A string is called a substring of another string, if it can be obtained from that string by dropping some (possibly zero) number of characters from the beginning and from the end of it.
For example, abc, ab, and c are substrings of the string abc, while ac and d are not.
Let's define a palindromic count of the string as the number of its substrings that are palindromes.
For example, the palindromic count of the string aaa is 6, because all of its substrings are palindromes. And the palindromic count of the string abc is 3, because only its substrings of length 1 are palindromes.
So, two more examples:
if string -> oolol
answer = ololo, 9 substrings can be formed
'o', 'l', 'o', 'l', 'o', 'olo', 'lol', 'olo', 'ololo'
if string -> gagadbcgghhchbdg
answer = abccbaghghghgdfd, 29 substrings can be formed
You are given a string s. You can arbitrarily rearrange its characters. You goal is to obtain a string with the maximum possible value of palindromic count.

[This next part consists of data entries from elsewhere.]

lemma WA_comp_left_id:
  assumes W: "WA cmp conv e"
  shows "cmp e x = x"
proof -
  have "conv e = e"
    using W unfolding WA_def by metis
  then show ?thesis
    using W unfolding WA_def by metis
qed

lemma atom_eqI: "atom a \<Longrightarrow> atom b \<Longrightarrow> a \<le> b \<Longrightarrow> a = b"
  unfolding atom_def by blast

lemma atom_le_or_le_compl:
  assumes "atom a"
  shows "a \<le> e \<or> a \<le> - e"
  using assms unfolding atom_def by (metis inf.cobounded1 inf_commute inf_shunt)

lemma less_3_cases: "(k::nat) < 3 \<Longrightarrow> k = 0 \<or> k = 1 \<or> k = 2"
  by auto

lemma third_eq:
  "i < 3 \<Longrightarrow> j < 3 \<Longrightarrow> k < 3 \<Longrightarrow> distinct [i, j, k] \<Longrightarrow> third i j = k"
  using less_3_cases[of i] less_3_cases[of j] less_3_cases[of k] by (auto simp: third_def)

lemma third_commute: "third i j = third j i"
  by (simp add: third_def)

lemma third_distinct: "i < 3 \<Longrightarrow> j < 3 \<Longrightarrow> i \<noteq> j \<Longrightarrow> third i j < 3 \<and> distinct [i, j, third i j]"
  using less_3_cases[of i] less_3_cases[of j] by (auto simp: third_def)

lemma other_two_indices:
  assumes "k < (3::nat)"
  obtains l m where "l < 3" "m < 3" "distinct [k, l, m]" "\<And>n. n < 3 \<Longrightarrow> n = k \<or> n = l \<or> n = m"
proof -
  consider "k = 0" | "k = 1" | "k = 2"
    using less_3_cases[OF assms] by blast
  then show thesis
  proof cases
    case 1
    then show ?thesis using less_3_cases by (intro that[of 1 2]) auto
  next
    case 2
    then show ?thesis using less_3_cases by (intro that[of 0 2]) auto
  next
    case 3
    then show ?thesis using less_3_cases by (intro that[of 0 1]) auto
  qed
qed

The best possible rearrangement of the string which yields the maximum number of palindromes could be that of a sorted string. Take, for example, the string abcabc and let n denote the size of the string in general.
We can rearrange the string to form a palindrome abc|cba, which will yield palindromic substrings of length n (all single chars) + n/2 (picking substring across reflection point) + {cases where there exists a palindrome at either of the reflection point, which in this case is 0}.
We can also rearrange the string to form palindromic pairs of the form (aa)(bb)(cc), which will yield n (single chars) + n/2 (pair-wise substring) + {other possible palindromic substrings} palindromes.
Similarly, a 3-pair palindrome can be formed as well (aba)(cbc), in which case the number of palindromes will be n + n/3 + { .. }
Clearly, as we form more m-paired palindrome, the number of palindromic substrings will fall. Hence we need to consider Case I and Case II. Of the two, it is better possible to maximize the {other ..} case for Case II by increasing the density of equal characters appearing together which is the case in a sorted string. Hence, a sorted string should yield an optimal answer.
Hence for your case oolol -> llooo will given an optimal result of 9 and gagadbcgghhchbdg -> aabbccddfgggghhh will give the optimal result of 29 as well. You can check for any string using this code: https://ideone.com/mMu2tq
def ispalin(s):
return (s == s[::-1])
def cpalin(s):
c = 0
for i in range(len(s)):
for j in range(i, len(s)):
if ispalin(s[i:j + 1]):
c += 1
return c
print(cpalin(''.join(sorted("abccbaghghghgdfd"))))
print(cpalin(''.join(sorted("oolol"))))